The Power of Friendship
I attended a funeral this past weekend honoring the life of a woman named Betsy. She is the mother of a dear friend of mine. I knew it would be sad, as funerals always are. What I didn’t know is how powerful it would be. I left energized with a feeling of optimism, and the urge to not only tell the people in my life how much I love them, but to cherish my beloved friendships. Everyone at the funeral was handed a gift- a gentle reminder that in the end of our lives- kindness, love, and friendship prevail.
Betsy lived her entire life in a way that every single person she met felt connected to her. She had nine people eulogize her, (NINE!) and I have a feeling that list could’ve be been a lot longer too. Each person thought of her as their best friend. One of the people who spoke toward’s the end of the service was President Bill Clinton. (Crazy, right?) Hilary Clinton and Betsy were childhood best friends, and their friendship only grew through every stage of their life. At the end of President Clinton’s eulogy he said, ‘I don’t think I’m alone in feeling this. Every person in this room feels better now than they did when they walked in this room.’ And it couldn’t be more true. Even at her own funeral, Betsy had a way of making an impact on people. Now THAT is a life well lived.

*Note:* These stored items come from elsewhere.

lemma prob_same_label:
  assumes rho: "\<And>d. d \<in> {1..D} \<Longrightarrow> 0 \<le> rho d \<and> rho d \<le> 1"
    and "i \<noteq> j" and x: "x = p @ i # a" and y: "y = p @ j # b"
    and "x \<in> leaves D mu" "y \<in> leaves D mu"
  shows "measure_pmf.prob (Z_pmf D mu rho) {Z. label Z x = label Z y}
       = (\<Prod>d\<in>{length p<..D}. (1 - rho d)^2)"
proof -
  have xy: "set x \<subseteq> {0..<mu}" "set y \<subseteq> {0..<mu}" "length x = D" "length y = D"
    using assms(5,6) by (auto simp: leaves_def level_def nodes_def)
  define K where "K = {length p<..D}"
  define Ux where "Ux = (\<lambda>k. take k x) ` K"
  define Uy where "Uy = (\<lambda>k. take k y) ` K"
  have event: "{Z. label Z x = label Z y} = {Z. \<forall>u\<in>Ux \<union> Uy. \<not> Z u}"
    using label_eq_iff[OF \<open>i \<noteq> j\<close> x y] xy by (auto simp: Ux_def Uy_def K_def)
  have "Ux \<union> Uy \<subseteq> nodes D mu - {[]}"
    using xy set_take_subset[of _ x] set_take_subset[of _ y]
    by (fastforce simp: Ux_def Uy_def K_def nodes_def)
  moreover have "0 \<le> rho (length u) \<and> rho (length u) \<le> 1" if "u \<in> Ux \<union> Uy" for u
    using that xy rho by (auto simp: Ux_def Uy_def K_def)
  ultimately have "measure_pmf.prob (Z_pmf D mu rho) {Z. label Z x = label Z y} =
      (\<Prod>u\<in>Ux \<union> Uy. 1 - rho (length u))"
    unfolding Z_pmf_def event using finite_nodes
    by (intro prob_Pi_pmf_bernoulli_all_False) auto
  also have "\<dots> = (\<Prod>u\<in>Ux. 1 - rho (length u)) * (\<Prod>u\<in>Uy. 1 - rho (length u))"
  proof (rule prod.union_disjoint)
    show "Ux \<inter> Uy = {}"
    proof (rule ccontr)
      assume "Ux \<inter> Uy \<noteq> {}"
      then obtain k k' where "k \<in> K" "k' \<in> K" "take k x = take k' y"
        by (auto simp: Ux_def Uy_def)
      moreover from this have "k = k'"
        using xy by (metis K_def greaterThanAtMost_iff length_take min.absorb2)
      ultimately have "take (Suc (length p)) (take k x) = take (Suc (length p)) (take k y)" by simp
      then show False
        using \<open>k \<in> K\<close> \<open>i \<noteq> j\<close> x y by (simp add: K_def min_def split: if_splits)
    qed
  qed (auto simp: Ux_def Uy_def K_def)
  also have "(\<Prod>u\<in>Ux. 1 - rho (length u)) = (\<Prod>k\<in>K. 1 - rho k)"
    using xy unfolding Ux_def
    by (subst prod.reindex) (auto simp: inj_on_def K_def intro!: prod.cong dest!: arg_cong[where f=length])
  also have "(\<Prod>u\<in>Uy. 1 - rho (length u)) = (\<Prod>k\<in>K. 1 - rho k)"
    using xy unfolding Uy_def
    by (subst prod.reindex) (auto simp: inj_on_def K_def intro!: prod.cong dest!: arg_cong[where f=length])
  finally show ?thesis
    by (simp add: K_def power2_eq_square prod.distrib)
qed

It made me think about my friendships, and how I cherish each of them and what the common threads in each of these friendships are. I realized it’s vulnerability, showing up, and of course laughter. I am lucky to have a few best friends who do this for me. My kids will ask, ‘Mom, who is your best friend?’ And, I feel grateful to have a handful of friendships in my life that I can consider more than one person my best friend.

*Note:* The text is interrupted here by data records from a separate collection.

lemma ergodic_system_invariant_kernel:
  assumes es: "ergodic_system M T R" and Z: "Z \<in> sets M"
  defines "H \<equiv> \<Inter>z\<in>gen_group R. T z -` Z \<inter> space M"
  shows "H \<in> sets M" "H \<subseteq> Z" "\<forall>w\<in>gen_group R. T w -` H \<inter> space M = H"
proof -
  show "H \<in> sets M" unfolding H_def
    by (rule sets.countable_INT') (auto intro: gen_group.gg_zero measurable_sets[OF ergodic_system_shift(1)[OF es] Z])
  show "H \<subseteq> Z" unfolding H_def using ergodic_system_zero[OF es] gen_group.gg_zero[of R] by auto
  have Hsp: "H \<subseteq> space M" unfolding H_def using gen_group.gg_zero[of R] by auto
  show "\<forall>w\<in>gen_group R. T w -` H \<inter> space M = H"
  proof
    fix w assume w: "w \<in> gen_group R"
    show "T w -` H \<inter> space M = H"
    proof (intro equalityI subsetI)
      fix x assume x: "x \<in> T w -` H \<inter> space M"
      show "x \<in> H" unfolding H_def
      proof (rule INT_I)
        fix z assume z: "z \<in> gen_group R"
        have z': "z + - w \<in> gen_group R" using z w by (intro gen_group.gg_add gen_group.gg_neg)
        have "T (z + - w) (T w x) \<in> Z" using x z' unfolding H_def by blast
        moreover have "T (z + - w) (T w x) = T z x"
          using ergodic_system_add[OF es z' w, of x] x by simp
        ultimately show "x \<in> T z -` Z \<inter> space M" using x by simp
      qed
    next
      fix x assume x: "x \<in> H"
      have xs: "x \<in> space M" using x Hsp by auto
      have "T w x \<in> H" unfolding H_def
      proof (rule INT_I)
        fix z assume z: "z \<in> gen_group R"
        have "T (z + w) x \<in> Z" using x z w unfolding H_def by (blast intro: gen_group.gg_add)
        then show "T w x \<in> T z -` Z \<inter> space M"
          using ergodic_system_add[OF es z w xs] ergodic_system_shift(4)[OF es w xs] by simp
      qed
      then show "x \<in> T w -` H \<inter> space M" using xs by auto
    qed
  qed
qed

lemma ergodic_system_null_or_AE_zero:
  assumes es: "ergodic_system M T R"
    and inv: "\<And>z \<omega>. z \<in> gen_group R \<Longrightarrow> \<omega> \<in> space M \<Longrightarrow> T z \<omega> \<in> S \<longleftrightarrow> \<omega> \<in> S"
    and \<Delta>[measurable]: "\<Delta> \<in> borel_measurable M" and ae: "AE \<omega> in M. \<omega> \<in> S \<longrightarrow> \<Delta> \<omega> = 0"
  shows "(AE \<omega> in M. \<omega> \<notin> S) \<or> (AE \<omega> in M. \<Delta> \<omega> = (0::real))"
proof -
  interpret prob_space M using ergodic_system_prob_space[OF es] .
  from ae obtain N where N: "{\<omega>\<in>space M. \<not> (\<omega> \<in> S \<longrightarrow> \<Delta> \<omega> = 0)} \<subseteq> N" "N \<in> null_sets M"
    by (auto elim!: AE_E)
  define Z where "Z = {\<omega>\<in>space M. \<Delta> \<omega> = 0} \<union> N"
  have Z: "Z \<in> sets M" unfolding Z_def using N(2) by auto
  define H where "H = (\<Inter>z\<in>gen_group R. T z -` Z \<inter> space M)"
  note H = ergodic_system_invariant_kernel[OF es Z, folded H_def]
  have SH: "S \<inter> space M \<subseteq> H"
  proof
    fix x assume x: "x \<in> S \<inter> space M"
    show "x \<in> H" unfolding H_def
    proof (rule INT_I)
      fix z assume z: "z \<in> gen_group R"
      have "T z x \<in> space M" "T z x \<in> S" using ergodic_system_shift(4)[OF es z] inv[OF z] x by auto
      then show "x \<in> T z -` Z \<inter> space M" unfolding Z_def using N(1) x by auto
    qed
  qed
  have "measure M H = 0 \<or> measure M H = 1" using es H(1,3) unfolding ergodic_system_def by blast
  then show ?thesis
  proof
    assume "measure M H = 0"
    then have "AE \<omega> in M. \<omega> \<notin> H" using H(1) by (intro AE_not_in) (simp add: emeasure_eq_measure null_sets_def)
    with AE_space have "AE \<omega> in M. \<omega> \<notin> S" by eventually_elim (use SH in auto)
    then show ?thesis ..
  next
    assume "measure M H = 1"
    then have "AE \<omega> in M. \<omega> \<in> H" using AE_in_set_eq_1[OF H(1)] by simp
    moreover have "AE \<omega> in M. \<omega> \<notin> N" using N(2) by (rule AE_not_in)
    ultimately have "AE \<omega> in M. \<Delta> \<omega> = 0" by eventually_elim (use H(2) Z_def in auto)
    then show ?thesis ..
  qed
qed

section \<open>Windows and path sums\<close>

definition shift_dir :: "'z \<Rightarrow> 'z list \<Rightarrow> 'z" where
  "shift_dir a zs = (case zs of [] \<Rightarrow> a | z1 # _ \<Rightarrow> z1)"

definition shift_window :: "'z \<Rightarrow> 'z list \<Rightarrow> 'z list" where
  "shift_window a zs = (case zs of [] \<Rightarrow> [] | _ # zs' \<Rightarrow> zs' @ [a])"

fun window_pathsum :: "('z list \<Rightarrow> 'z \<Rightarrow> real) \<Rightarrow> 'z list \<Rightarrow> 'z list \<Rightarrow> real" where
  "window_pathsum m zs [] = 0"
| "window_pathsum m zs (a # as) = m zs a + window_pathsum m (shift_window a zs) as"

lemma Sshift_eq: "Sshift T a (\<omega>, zs) = (T (shift_dir a zs) \<omega>, shift_window a zs)"
  by (cases zs) (auto simp: Sshift_def shift_dir_def shift_window_def)

lemma shift_dir_in: "zs \<in> lists R \<Longrightarrow> a \<in> R \<Longrightarrow> shift_dir a zs \<in> R"
  by (cases zs) (auto simp: shift_dir_def)

lemma shift_dir_in_gen_group: "zs \<in> lists R \<Longrightarrow> a \<in> R \<Longrightarrow> shift_dir a zs \<in> gen_group R"
  by (rule gen_group.gg_base[OF shift_dir_in])

lemma shift_window_in_lists: "zs \<in> lists R \<Longrightarrow> a \<in> R \<Longrightarrow> shift_window a zs \<in> lists R"
  by (cases zs) (auto simp: shift_window_def)

lemma length_shift_window [simp]: "length (shift_window a zs) = length zs"
  by (cases zs) (auto simp: shift_window_def)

Vulnerability is key. When we can let our guard down and just be ourselves is when the ‘real’ happens. It’s when we can talk with out the fear of being judged, say what’s on our mind, and in our hearts. It’s to these people we can tell our deepest secrets, failures, and our fears. My dearest friends have seen me at my worst, and they still love me unconditionally.

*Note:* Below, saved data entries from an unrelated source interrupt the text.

text \<open>On an unsatisfiable formula PUR rejects, and it rejects within t iterations only if the
  first t+1 variables it sets contain all variables of some negative clause. With the reject
  test dropped, the order in which PUR sets variables depends only on the definite clauses.
  Hence the clause at any fixed position is uniform over H_n independently of that order, and
  it refutes within t iterations only if it is one of the at most 2^(t+1) negative clauses over
  the first t+1 variables set. Summing over the m positions bounds the probability of an
  unsatisfiable formula with Y_n \<le> t by m 2^(t+1) / |H_n|, roughly c 2^(t+1) / n, which is
  O(2^k) for t = floor(log n) + k.

  It remains to bound Pr[unsatisfiable] away from 0. Cut the first half of the clauses into
  R = floor(log n) + 1 blocks of about m / (4 (j+1)^2) clauses. With probability at least
  1 - exp(-c 2^j / (16 (j+1)^2)) block j contains a definite clause whose negative variables
  are among the j variables forced so far and whose positive variable is new, forcing one more
  variable; the product of these probabilities is bounded below uniformly in R. Given R forced
  variables, with probability at least 1 - exp(-c/8) the second half contains one of the
  2^R - 1 \<ge> n negative clauses over them.\<close>

section \<open>Positive unit propagation\<close>

definition definite :: "clause set \<Rightarrow> clause set" where
  "definite F = {C \<in> F. fst C \<noteq> None}"

text \<open>The variables PUR sets, in order, when its reject test is dropped.\<close>
primrec prop_seq_fuel :: "nat \<Rightarrow> clause set \<Rightarrow> nat list pmf" where
  "prop_seq_fuel 0 F = return_pmf []"
| "prop_seq_fuel (Suc k) F =
     (if pos_units F = {} then return_pmf []
      else bind_pmf (pmf_of_set (pos_units F))
             (\<lambda>i. map_pmf (Cons i) (prop_seq_fuel k (set_true i F))))"

definition prop_seq :: "clause set \<Rightarrow> nat list pmf" where
  "prop_seq F = prop_seq_fuel (Suc (card (vars F))) F"

definition refuted_within :: "clause set \<Rightarrow> nat \<Rightarrow> nat list set" where
  "refuted_within F t = {s. \<exists>S. (None, S) \<in> F \<and> S \<subseteq> set (take t s)}"

lemma finite_pos_units: "finite F \<Longrightarrow> finite (pos_units F)"
  unfolding pos_units_def
  by (rule finite_subset[of _ "(\<lambda>C. the (fst C)) ` F"]) force+

lemma finite_set_true: "finite F \<Longrightarrow> finite (set_true i F)"
  by (simp add: set_true_def)

lemma finite_snd_set_true: "\<forall>C\<in>F. finite (snd C) \<Longrightarrow> \<forall>C\<in>set_true i F. finite (snd C)"
  by (auto simp: set_true_def)

lemma vars_set_true: "vars (set_true i F) \<subseteq> vars F - {i}"
  unfolding vars_def set_true_def by force

lemma pos_units_subset_vars: "pos_units F \<subseteq> vars F"
  unfolding vars_def pos_units_def by force

lemma vars_mono: "F \<subseteq> G \<Longrightarrow> vars F \<subseteq> vars G"
  unfolding vars_def by auto

lemma finite_vars: "finite F \<Longrightarrow> \<forall>C\<in>F. finite (snd C) \<Longrightarrow> finite (vars F)"
  unfolding vars_def by auto

lemma card_vars_set_true_less:
  assumes "finite F" "\<forall>C\<in>F. finite (snd C)" "i \<in> pos_units F"
  shows "card (vars (set_true i F)) < card (vars F)"
proof -
  have fin: "finite (vars F)" using finite_vars assms by auto
  have "card (vars (set_true i F)) \<le> card (vars F - {i})"
    by (rule card_mono) (use fin vars_set_true in auto)
  also have "\<dots> < card (vars F)"
    using fin assms(3) pos_units_subset_vars by (metis card_Diff1_less subsetD)
  finally show ?thesis .
qed

lemma clause_sat_all_false:
  assumes "pos_units F = {}" "(None, {}) \<notin> F" "C \<in> F"
  shows "clause_sat (\<lambda>_. False) C"
proof (cases C)
  case (Pair P S)
  show ?thesis
  proof (cases "S = {}")
    case True
    with assms Pair obtain i where "P = Some i" by (cases P) auto
    with assms Pair True show ?thesis by (auto simp: pos_units_def)
  qed (auto simp: Pair clause_sat_def)
qed

lemma empty_clause_notin_set_true:
  assumes "(None, {}) \<notin> F" "(None, {i}) \<notin> F"
  shows "(None, {}) \<notin> set_true i F"
proof
  assume "(None, {}) \<in> set_true i F"
  then obtain S where "(None, S) \<in> F" "S - {i} = {}"
    unfolding set_true_def by auto
  then have "(None, {}) \<in> F \<or> (None, {i}) \<in> F"
    by (metis Diff_eq_empty_iff subset_singletonD)
  with assms show False by blast
qed

lemma clause_sat_set_true:
  assumes "\<forall>C\<in>set_true i F. clause_sat a C" "C \<in> F"
  shows "clause_sat (a(i := True)) C"
proof (cases C)
  case (Pair P S)
  show ?thesis
  proof (cases "P = Some i")
    case False
    then have "(P, S - {i}) \<in> set_true i F"
      using assms(2) Pair unfolding set_true_def by force
    then have "clause_sat a (P, S - {i})" using assms(1) by blast
    then show ?thesis using Pair False by (auto simp: clause_sat_def)
  qed (simp add: Pair clause_sat_def)
qed

lemma satisfiable_if_pur_fuel_accepts:
  assumes "finite F" "\<forall>C\<in>F. finite (snd C)" "(None, {}) \<notin> F" "card (vars F) < k"
    and "(True, y) \<in> set_pmf (pur_fuel k F)"
  shows "\<exists>a. \<forall>C\<in>F. clause_sat a C"
  using assms
proof (induction k arbitrary: F y)
  case (Suc k)
  show ?case
  proof (cases "pos_units F = {}")
    case True
    then show ?thesis using clause_sat_all_false Suc.prems(3) by blast
  next
    case False
    with Suc.prems(1,5) obtain i t where i: "i \<in> pos_units F" "(None, {i}) \<notin> F"
      and t: "(True, t) \<in> set_pmf (pur_fuel k (set_true i F))"
      by (auto simp: finite_pos_units split: if_splits)
    have "card (vars (set_true i F)) < k"
      using card_vars_set_true_less[OF Suc.prems(1,2) i(1)] Suc.prems(4) by simp
    then obtain a where "\<forall>C\<in>set_true i F. clause_sat a C"
      using Suc.IH[OF finite_set_true[OF Suc.prems(1)] finite_snd_set_true[OF Suc.prems(2)]
          empty_clause_notin_set_true[OF Suc.prems(3) i(2)] _ t] by blast
    then show ?thesis using clause_sat_set_true by blast
  qed
qed simp

lemma PUR_accepts_imp_satisfiable:
  assumes "finite F" "\<forall>C\<in>F. finite (snd C)" "(None, {}) \<notin> F" "(True, y) \<in> set_pmf (PUR F)"
  shows "\<exists>a. \<forall>C\<in>F. clause_sat a C"
  using satisfiable_if_pur_fuel_accepts[OF assms(1-3) _ assms(4)[unfolded PUR_def]] by simp

lemma measure_pmf_prob_bind:
  "measure_pmf.prob (bind_pmf M f) A = measure_pmf.expectation M (\<lambda>x. measure_pmf.prob (f x) A)"
  unfolding measure_pmf_bind
  by (rule measure_pmf.measure_bind[where N="count_space UNIV"])
     (auto simp: measurable_pmf_measure1 space_subprob_algebra
       intro!: measurable_count_space_eq1[THEN iffD2] prob_space_imp_subprob_space
         measure_pmf.prob_space_axioms)

lemma measure_pmf_prob_bind_pmf_of_set:
  assumes "finite S" "S \<noteq> {}"
  shows "measure_pmf.prob (bind_pmf (pmf_of_set S) f) A
    = (\<Sum>x\<in>S. measure_pmf.prob (f x) A) / card S"
  using assms by (simp add: measure_pmf_prob_bind integral_pmf_of_set)

lemma refuted_within_set_true:
  "refuted_within (set_true i F) t \<subseteq> Cons i -` refuted_within F (Suc t)"
proof
  fix s assume "s \<in> refuted_within (set_true i F) t"
  then obtain S where "(None, S) \<in> set_true i F" "S \<subseteq> set (take t s)"
    unfolding refuted_within_def by blast
  then obtain S0 where "(None, S0) \<in> F" "S = S0 - {i}"
    unfolding set_true_def by auto
  with \<open>S \<subseteq> set (take t s)\<close> show "s \<in> Cons i -` refuted_within F (Suc t)"
    unfolding refuted_within_def by auto
qed

lemma pur_step_reject_within_le:
  assumes "\<And>t. measure_pmf.prob M {(b, y). \<not> b \<and> y \<le> t}
      \<le> measure_pmf.prob N (refuted_within (set_true i F) (Suc t))"
  shows "measure_pmf.prob (if (None, {i}) \<in> F then return_pmf (False, 0)
        else map_pmf (\<lambda>(b, y). (b, Suc y)) M) {(b, y). \<not> b \<and> y \<le> t}
    \<le> measure_pmf.prob (map_pmf (Cons i) N) (refuted_within F (Suc t))"
proof (cases "(None, {i}) \<in> F")
  case True
  then have "Cons i -` refuted_within F (Suc t) = UNIV"
    by (auto simp: refuted_within_def)
  then show ?thesis using True by simp
next
  case False
  show ?thesis
  proof (cases t)
    case 0
    then have "(\<lambda>(b, y). (b, Suc y)) -` {(b, y). \<not> b \<and> y \<le> t} = {}" by auto
    then show ?thesis using False by simp
  next
    case (Suc t')
    then have "(\<lambda>(b, y). (b, Suc y)) -` {(b, y). \<not> b \<and> y \<le> t} = {(b, y). \<not> b \<and> y \<le> t'}"
      by auto
    then have "measure_pmf.prob (if (None, {i}) \<in> F then return_pmf (False, 0)
        else map_pmf (\<lambda>(b, y). (b, Suc y)) M) {(b, y). \<not> b \<and> y \<le> t}
      = measure_pmf.prob M {(b, y). \<not> b \<and> y \<le> t'}"
      using False by simp
    also have "\<dots> \<le> measure_pmf.prob N (refuted_within (set_true i F) (Suc t'))"
      by (rule assms)
    also have "\<dots> \<le> measure_pmf.prob N (Cons i -` refuted_within F (Suc t))"
      using refuted_within_set_true Suc by (intro measure_pmf.finite_measure_mono) auto
    finally show ?thesis by simp
  qed
qed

These women show up for me. They are ALWAYS there when I need them, and I only hope I do the same for them. The beautiful part of these friendships is always picking up where we left off. We can cut through the small talk and always get right to the point. My best friends always have a way of saying the thing that makes me feel better.
Laughter is the key to everything right? The medicine. When we can laugh at ourselves and each other, it’s what makes everything okay in the world. I laugh the hardest with my friends.
The service I attended on Saturday was a little nudge. A reminder to slow down, and remember what’s important in life. Because in the end, friendship is everything. So, I want to try and be a damn good friend to my people.